Близко к этой проповеди в идейном плане увещание, которое мы находим у знаменитого англиканского теолога Ричарда Хукера. «Возможно ли, чтоб человек, будучи не только благороднейшим из творений в мире, но даже во Вселенной, в себе, нарушив закон своей природы, не приносил ущерба… Ибо мы видим, что весь мир и каждая часть его так созданы, что до тех пор, пока каждая выполняет ту функцию, которая для нее естественна, она этим сохраняет и других и себя» 21. В то же время, если; какая-либо великая часть – Солнце или Луна, или одно из «небес», или элемент – перестанет выполнять свою функцию, то разрушит мироздание.

И как вывод: гармония в обществе заключается в том, чтобы стоящий на низшей ступени сословной лестницы; добровольно подчинялся стоящему на высшей.

Но если такие писатели XVI в., как Дадли, Элиот, Чик, и авторы церковных увещаний излагали доктрину порядка явно односторонне, подчеркивая катастрофичность для общего блага «непослушания», исходящего от народных низов, то в пьесах Шекспира та же доктрина получила несравненно более многостороннее освещение. В ней свет и тень перераспределены таким образом, что в равной степени гибельным для государства оказываются нарушения порядка не только со стороны «общин», но и на любой из ступеней сословной иерархии. На самой ее вершине – на королевском престоле – последствия нарушений порядка показаны на примере королей Ричарда II и Ричарда III. К чему приводят нарушения в среде знати, можно увидеть в трех частях пьесы «Генрих VI». Роковые последствия господствующих на этой ступени честолюбия и властолюбия, зависти и интриг, равнодушия к страданиям народа и готовности к развязыванию гражданских усобиц – это в шекспировских хрониках не только мятежи знати (пророчества Карлейля в драме «Ричард II»), но и следующие за ними ужасы войны Роз (в «Генрихе VI»). Наконец, о «бессмысленности» народных мятежей должны были свидетельствовать сцены восстания Джека Кэда («Генрих VI», ч. II).

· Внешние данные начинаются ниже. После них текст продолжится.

(* Let $t>0$. For all $n_1,\dots,n_k\ge0$, as polynomials in $x$, $$\prod_{j=1}^kU_{n_j}(x,t)=\sum_{\substack{\pi\in NC_{1,2}(n_1,\dots,n_k)\\ si(\pi)=0}}t^{s_2(\pi)}\,U_{s(\pi)}(x,t),$$ and consequently, with $n=\sum n_j$, $$\prod_{j=1}^kU_{n_j}(x,t)=\sum_{m=0}^nt^{(n-m)/2}\,|NC_2(n_1,\dots,n_k,m)|\,U_m(x,t).$$
   Context: The polynomials $U_m(x,t)$ (scaled Chebyshev polynomials of the second kind) are defined by $U_0=1$, $U_{-1}=0$, $xU_m(x,t)=U_{m+1}(x,t)+tU_{m-1}(x,t)$. For $n_1,\dots,n_r\ge0$ with sum $N$, $\mathcal P(n_1,\dots,n_r)$ is the set of partitions of $\{1,\dots,N\}$ no class of which contains two elements of the same consecutive interval when $\{1,\dots,N\}$ is split into consecutive intervals of lengths $n_1,\dots,n_r$. A partition is noncrossing if there are no $i<j<k<l$ with $i\sim k$, $j\sim l$, $i\not\sim j$. $NC_{1,2}(n_1,\dots,n_r)$ (resp. $NC_2(n_1,\dots,n_r)$) is the set of noncrossing $\pi\in\mathcal P(n_1,\dots,n_r)$ all of whose classes have one or two (resp. exactly two) elements. $s(\pi)$ is the number of one-element classes, $s_2(\pi)$ the number of two-element classes. A class $B$ of $\pi$ is inner if there is another class $C$ and $a,b\in C$ with $a<\min B$ and $\max B<b$, outer otherwise; $si(\pi)$ is the number of inner one-element classes. *)

theory Defs
  imports "HOL-Computational_Algebra.Polynomial" "HOL-Library.Disjoint_Sets"
begin

fun chebU :: "nat \<Rightarrow> real \<Rightarrow> real poly" where
  "chebU 0 t = 1"
| "chebU (Suc 0) t = [:0, 1:]"
| "chebU (Suc (Suc m)) t = [:0, 1:] * chebU (Suc m) t - smult t (chebU m t)"

definition same_interval :: "nat list \<Rightarrow> nat \<Rightarrow> nat \<Rightarrow> bool" where
  "same_interval ns a b \<longleftrightarrow>
     (\<exists>j<length ns. sum_list (take j ns) < a \<and> a \<le> sum_list (take (Suc j) ns)
                  \<and> sum_list (take j ns) < b \<and> b \<le> sum_list (take (Suc j) ns))"

definition Parts :: "nat list \<Rightarrow> nat set set set" where
  "Parts ns = {p. partition_on {1..sum_list ns} p \<and>
     (\<forall>B\<in>p. \<forall>a\<in>B. \<forall>b\<in>B. a \<noteq> b \<longrightarrow> \<not> same_interval ns a b)}"

definition equiv_in :: "nat set set \<Rightarrow> nat \<Rightarrow> nat \<Rightarrow> bool" where
  "equiv_in p a b \<longleftrightarrow> (\<exists>B\<in>p. a \<in> B \<and> b \<in> B)"

definition noncrossing :: "nat set set \<Rightarrow> bool" where
  "noncrossing p \<longleftrightarrow> \<not> (\<exists>i j k l. i < j \<and> j < k \<and> k < l \<and>
      equiv_in p i k \<and> equiv_in p j l \<and> \<not> equiv_in p i j)"

definition NC12 :: "nat list \<Rightarrow> nat set set set" where
  "NC12 ns = {p \<in> Parts ns. noncrossing p \<and> (\<forall>B\<in>p. card B = 1 \<or> card B = 2)}"

definition NC2 :: "nat list \<Rightarrow> nat set set set" where
  "NC2 ns = {p \<in> Parts ns. noncrossing p \<and> (\<forall>B\<in>p. card B = 2)}"

definition singles :: "nat set set \<Rightarrow> nat" where
  "singles p = card {B \<in> p. card B = 1}"

definition pairs :: "nat set set \<Rightarrow> nat" where
  "pairs p = card {B \<in> p. card B = 2}"

definition inner_block :: "nat set set \<Rightarrow> nat set \<Rightarrow> bool" where
  "inner_block p B \<longleftrightarrow> (\<exists>C\<in>p. C \<noteq> B \<and> (\<exists>a\<in>C. \<exists>b\<in>C. a < Min B \<and> Max B < b))"

definition inner_singles :: "nat set set \<Rightarrow> nat" where
  "inner_singles p = card {B \<in> p. card B = 1 \<and> inner_block p B}"

end

theory Submission
  imports Defs
begin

Как же преломляется тема «порядка» в освещении Шекспиром политики и этики знати? Знать при Тюдорах оставалась, разумеется, феодальной знатью. Но в эпоху Шекспира ей пришлось отказаться от прежних притязаний, она теперь удовлетворяла свое честолюбие в придворных интригах под сенью королевского суверенитета. Ее представители вместе с прежним престижем баронов королевства постепенно растеряли и представления о дворянской доблести и чести. Они теперь погрузились в «счетные книги», стремясь к увеличению любыми путями родовых доходов, не гнушаясь при этом любыми способами, заимствованными у буржуа, которых по-прежнему глубоко презирали. Вероломная, плетущая интриги, заискивающая, грозящая, политиканствующая – такой была эта знать, одна из опор тюдоровского трона.

Этика английской знати в значительной степени составляет канву трагедии «Король Лир». Ведь содержание ее можно прочесть и как историю неблагодарности детей по отношению к родителям (образы дочерей Лира – Реганы и Гонерильи), отрицания права первородства (Эдмонд), нарушения дистанции между господином и слугой и т. д. Однако напрасно думать, что трагедия в восприятии зрителя XVI в. сводилась к роду «семейной хроники». Нарушение любой детали «порядка», малейшее отступление от его универсального принципа имеет универсальные последствия. Неблагодарность и вероломство детей такая же космическая катастрофа, как вероломное убийство законного венценосца («Макбет») или гражданская смута («Генрих VI»). Это недвусмысленно изложено в речи Улисса.

О, стоит лишь нарушить сей порядок.

Основу и опору бытия —

Смятение, как страшная болезнь,

Охватит все, и все пойдет вразброд,

Утратив смысл и меру. Как могли бы,

Закон соподчиненъя презирая,

Существовать науки и ремесла,

И мирная торговля дальних стран,

И честный труд, и право первородства,

И скипетры, и лавры, и короны.

Забыв почтенье, мы ослабим струны —

И сразу дисгармония возникнет.

Давно бы тяжко дышащие волны

Пожрала сушу, если б только сила

Давала право власти; грубый сын

Отца убил бы, не стыдясь нимало;

Понятия вины и правоты —

Извечная забота правосудья —

Исчезли бы и потеряли имя,

И все свелось бы только к грубой силе,

А сила – к прихоти, а прихоть – к волчьей

Звериной алчности…

Когда закона мы нарушим меру,

Возникнет хаос.

«Троил и Крессида», I, 3

Не ясно ли, что с точки зрения концепции «порядка» в мире нет мелочей, нет главного и второстепенного. Вселенская гармония зависит от соблюдения «соразмерности» в любом звене цепи бытия. В этом смысле почтение к отцу равнозначно почтению к государю. Нерушимость «права первородства» приравнена по важности к строгому движению планет по предначертанным орбитам. Как уже отмечалось, современники Шекспира осмысливали мир не только в образах «подобий», но во взаимосвязанности «состояний» вселенских «пропорций». Неблагодарность и вероломство дочерей Лира – такой же мятеж против порядка, как и восстание герцога Йоркского против власти Генриха VI. Обращение Корделии к сестрам: «Смотрите за отцом» («Король Лир», Г, 1) – для елизаветинцев звучало столь же весомо, как предупреждение Карлейля, адресованное лордам при низложении Ричарда II. И разве слова Эдмонда: «Я отверг проклятье предрассудков и правами не поступлюсь, пусть младше я, чем брат, побочный сын!» (там же, 2) – не были столь же кощунственны, как то, что Нортемберленд обращался к королю Ричарду, не преклонив колен.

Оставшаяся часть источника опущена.